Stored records
==============================

section \<open>The second moment method\<close>

lemma prob_none_le_second_moment:
  fixes M :: "'a pmf" and G :: "'i \<Rightarrow> 'a set" and r :: real
  defines "P \<equiv> measure_pmf.prob M"
  assumes fin: "finite (set_pmf M)" and "finite S" "S \<noteq> {}"
    and pos: "\<And>s. s \<in> S \<Longrightarrow> 0 < P (G s)"
    and bound: "(\<Sum>s\<in>S. \<Sum>t\<in>S. P (G s \<inter> G t) / (P (G s) * P (G t))) \<le> real (card S) ^ 2 * (1 + r)"
  shows "P {x. \<forall>s\<in>S. x \<notin> G s} \<le> r"
proof -
  define N where "N = real (card S)"
  have "0 < N"
    using assms(3,4) by (simp add: N_def card_gt_0_iff)
  \<comment> \<open>The normalised count Z has mean N, and N^2 P(Z = 0) is at most its variance.\<close>
  define Z where "Z = (\<lambda>x. \<Sum>s\<in>S. indicator (G s) x / P (G s) :: real)"
  have int: "integrable (measure_pmf M) f" for f :: "'a \<Rightarrow> real"
    using fin by (rule integrable_measure_pmf_finite)
  have EZ: "measure_pmf.expectation M Z = N"
    using pos by (simp add: Z_def N_def P_def integral_sum int less_imp_neq[symmetric])
  have "(\<lambda>x. Z x ^ 2) = (\<lambda>x. \<Sum>s\<in>S. \<Sum>t\<in>S. indicator (G s \<inter> G t) x / (P (G s) * P (G t)))"
    unfolding Z_def power2_eq_square sum_product
    by (intro ext sum.cong refl) (simp add: indicator_inter_arith)
  then have EZ2: "measure_pmf.expectation M (\<lambda>x. Z x ^ 2)
      = (\<Sum>s\<in>S. \<Sum>t\<in>S. P (G s \<inter> G t) / (P (G s) * P (G t)))"
    by (simp add: integral_sum int P_def)
  have "N ^ 2 * P {x. Z x = 0} = measure_pmf.expectation M (\<lambda>x. N ^ 2 * indicator {x. Z x = 0} x)"
    by (simp add: P_def)
  also have "\<dots> \<le> measure_pmf.expectation M (\<lambda>x. (Z x - N) ^ 2)"
    by (intro integral_mono int) (auto simp: indicator_def)
  also have "\<dots> = measure_pmf.expectation M (\<lambda>x. Z x ^ 2) - 2 * N * measure_pmf.expectation M Z + N ^ 2"
    by (simp add: power2_diff int integral_add integral_diff)
  also have "\<dots> \<le> N ^ 2 * r"
    using bound unfolding EZ EZ2 by (simp add: N_def power2_eq_square algebra_simps)
  finally have "P {x. Z x = 0} \<le> r"
    using \<open>0 < N\<close> by simp
  moreover have "P {x. \<forall>s\<in>S. x \<notin> G s} \<le> P {x. Z x = 0}"
    unfolding P_def by (intro measure_pmf.finite_measure_mono) (auto simp: Z_def)
  ultimately show ?thesis
    by linarith
qed

lemma card_supersets_le:
  assumes "finite A" "T \<subseteq> A"
  shows "card {S. S \<subseteq> A \<and> card S = k \<and> T \<subseteq> S} \<le> (card A - card T) choose (k - card T)"
proof -
  have fin_T: "finite T"
    using assms finite_subset by blast
  have "card {S. S \<subseteq> A \<and> card S = k \<and> T \<subseteq> S} \<le> card {U. U \<subseteq> A - T \<and> card U = k - card T}"
  proof (rule card_inj_on_le[where f = "\<lambda>S. S - T"])
    show "inj_on (\<lambda>S. S - T) {S. S \<subseteq> A \<and> card S = k \<and> T \<subseteq> S}"
      by (auto simp: inj_on_def)
    show "(\<lambda>S. S - T) ` {S. S \<subseteq> A \<and> card S = k \<and> T \<subseteq> S} \<subseteq> {U. U \<subseteq> A - T \<and> card U = k - card T}"
      using fin_T by (auto simp: card_Diff_subset)
    show "finite {U. U \<subseteq> A - T \<and> card U = k - card T}"
      using assms(1) by simp
  qed
  also have "\<dots> = (card A - card T) choose (k - card T)"
    using assms fin_T by (simp add: n_subsets card_Diff_subset)
  finally show ?thesis .
qed

lemma binomial_diff_mult_power_le:
  assumes "j \<le> k" "k \<le> m"
  shows "real ((m - j) choose (k - j)) * real m ^ j \<le> real k ^ j * real (m choose k)"
  using assms(1)
proof (induction j)
  case (Suc j)
  define d e where "d = m - j" and "e = k - j"
  have "0 < d" "0 < e"
    using Suc.prems assms(2) by (auto simp: d_def e_def)
  obtain d' e' where "d = Suc d'" "e = Suc e'"
    using \<open>0 < d\<close> \<open>0 < e\<close> gr0_implies_Suc by blast
  moreover have "m - Suc j = d'" "k - Suc j = e'"
    using \<open>d = Suc d'\<close> \<open>e = Suc e'\<close> by (auto simp: d_def e_def)
  ultimately have "d * ((m - Suc j) choose (k - Suc j)) = ((m - j) choose (k - j)) * e"
    using Suc_times_binomial_eq[of d' e'] by (simp add: d_def e_def)
  then have step: "real d * real ((m - Suc j) choose (k - Suc j)) = real ((m - j) choose (k - j)) * real e"
    by (metis of_nat_mult)
  have IH: "real ((m - j) choose (k - j)) * real m ^ j \<le> real k ^ j * real (m choose k)"
    using Suc by simp
  have em: "real e * real m \<le> real k * real d"
    using Suc.prems assms(2) by (simp add: d_def e_def of_nat_diff algebra_simps mult_left_mono)
  have "real d * (real ((m - Suc j) choose (k - Suc j)) * real m ^ Suc j)
      = (real ((m - j) choose (k - j)) * real m ^ j) * (real e * real m)"
    using step by (simp add: algebra_simps)
  also have "\<dots> \<le> (real k ^ j * real (m choose k)) * (real k * real d)"
    using IH em by (rule mult_mono) simp_all
  also have "\<dots> = real d * (real k ^ Suc j * real (m choose k))"
    by (simp add: algebra_simps)
  finally show ?case
    using \<open>0 < d\<close> by simp
qed simp

lemma two_power_mult_le:
  assumes "1 \<le> j" "j \<le> k"
  shows "(2::nat) ^ j * k \<le> 2 ^ k * j"
  using assms(2)
proof (induction k rule: dec_induct)
  case (step k)
  have "(2::nat) ^ j \<le> 2 ^ k"
    using step.hyps by (simp add: power_increasing)
  also have "\<dots> \<le> 2 ^ k * j"
    using assms(1) by simp
  finally have "(2::nat) ^ j \<le> 2 ^ k * j" .
  then show ?case
    using step.IH by simp
qed simp

lemma overlap_weight_le:
  fixes a :: real
  assumes "0 \<le> a" "1 \<le> j" "j \<le> k" "k \<le> m"
  defines "E \<equiv> ln (real m / real k) - a * 2 ^ k / real k"
  assumes "0 \<le> E"
  shows "exp a ^ (2 ^ j - 1) * (real k / real m) ^ j \<le> exp (- E)"
proof -
  have "0 < real k" "real k \<le> real m"
    using assms(2-4) by auto
  have "real (2 ^ j * k) \<le> real (2 ^ k * j)"
    using two_power_mult_le[OF assms(2,3)] by (simp only: of_nat_le_iff)
  then have "2 ^ j * real k \<le> 2 ^ k * real j"
    by simp
  then have "a * 2 ^ j \<le> real j * (a * 2 ^ k / real k)"
    using \<open>0 < real k\<close> assms(1) by (simp add: field_simps mult_left_mono)
  have "exp a ^ (2 ^ j - 1) = exp (real (2 ^ j - 1) * a)"
    by (rule exp_of_nat_mult[symmetric])
  also have "real (2 ^ j - 1) = 2 ^ j - 1"
    by (simp add: of_nat_diff)
  finally have weight: "exp a ^ (2 ^ j - 1) = exp (a * (2 ^ j - 1))"
    by (simp only: mult.commute)
  have "(real k / real m) ^ j = exp (real j * ln (real k / real m))"
    using \<open>0 < real k\<close> \<open>real k \<le> real m\<close> by (simp add: exp_of_nat_mult)
  also have "ln (real k / real m) = - ln (real m / real k)"
    using \<open>0 < real k\<close> \<open>real k \<le> real m\<close> by (simp add: ln_div)
  finally have ratio: "(real k / real m) ^ j = exp (- (real j * ln (real m / real k)))"
    by simp
  have "exp a ^ (2 ^ j - 1) * (real k / real m) ^ j = exp (a * (2 ^ j - 1) - real j * ln (real m / real k))"
    unfolding weight ratio by (simp only: exp_add[symmetric] diff_conv_add_uminus)
  also have "\<dots> \<le> exp (- E)"
    using \<open>a * 2 ^ j \<le> _\<close> assms(1,2,6) mult_left_mono[of 1 "real j" E]
    by (simp add: E_def algebra_simps)
  finally show ?thesis .
qed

==============================

> _WORK TO BE COMPLETED_
Set down, exactly as they appear above, all lines from the one that has "using assms(2)" down to the one that has "unfolding weight ratio", including those two and no others.

> _ANSWER TO THIS PROBLEM_
  using assms(2)
proof (induction k rule: dec_induct)
  case (step k)
  have "(2::nat) ^ j \<le> 2 ^ k"
    using step.hyps by (simp add: power_increasing)
  also have "\<dots> \<le> 2 ^ k * j"
    using assms(1) by simp
  finally have "(2::nat) ^ j \<le> 2 ^ k * j" .
  then show ?case
    using step.IH by simp
qed simp

lemma overlap_weight_le:
  fixes a :: real
  assumes "0 \<le> a" "1 \<le> j" "j \<le> k" "k \<le> m"
  defines "E \<equiv> ln (real m / real k) - a * 2 ^ k / real k"
  assumes "0 \<le> E"
  shows "exp a ^ (2 ^ j - 1) * (real k / real m) ^ j \<le> exp (- E)"
proof -
  have "0 < real k" "real k \<le> real m"
    using assms(2-4) by auto
  have "real (2 ^ j * k) \<le> real (2 ^ k * j)"
    using two_power_mult_le[OF assms(2,3)] by (simp only: of_nat_le_iff)
  then have "2 ^ j * real k \<le> 2 ^ k * real j"
    by simp
  then have "a * 2 ^ j \<le> real j * (a * 2 ^ k / real k)"
    using \<open>0 < real k\<close> assms(1) by (simp add: field_simps mult_left_mono)
  have "exp a ^ (2 ^ j - 1) = exp (real (2 ^ j - 1) * a)"
    by (rule exp_of_nat_mult[symmetric])
  also have "real (2 ^ j - 1) = 2 ^ j - 1"
    by (simp add: of_nat_diff)
  finally have weight: "exp a ^ (2 ^ j - 1) = exp (a * (2 ^ j - 1))"
    by (simp only: mult.commute)
  have "(real k / real m) ^ j = exp (real j * ln (real k / real m))"
    using \<open>0 < real k\<close> \<open>real k \<le> real m\<close> by (simp add: exp_of_nat_mult)
  also have "ln (real k / real m) = - ln (real m / real k)"
    using \<open>0 < real k\<close> \<open>real k \<le> real m\<close> by (simp add: ln_div)
  finally have ratio: "(real k / real m) ^ j = exp (- (real j * ln (real m / real k)))"
    by simp
  have "exp a ^ (2 ^ j - 1) * (real k / real m) ^ j = exp (a * (2 ^ j - 1) - real j * ln (real m / real k))"
    unfolding weight ratio by (simp only: exp_add[symmetric] diff_conv_add_uminus)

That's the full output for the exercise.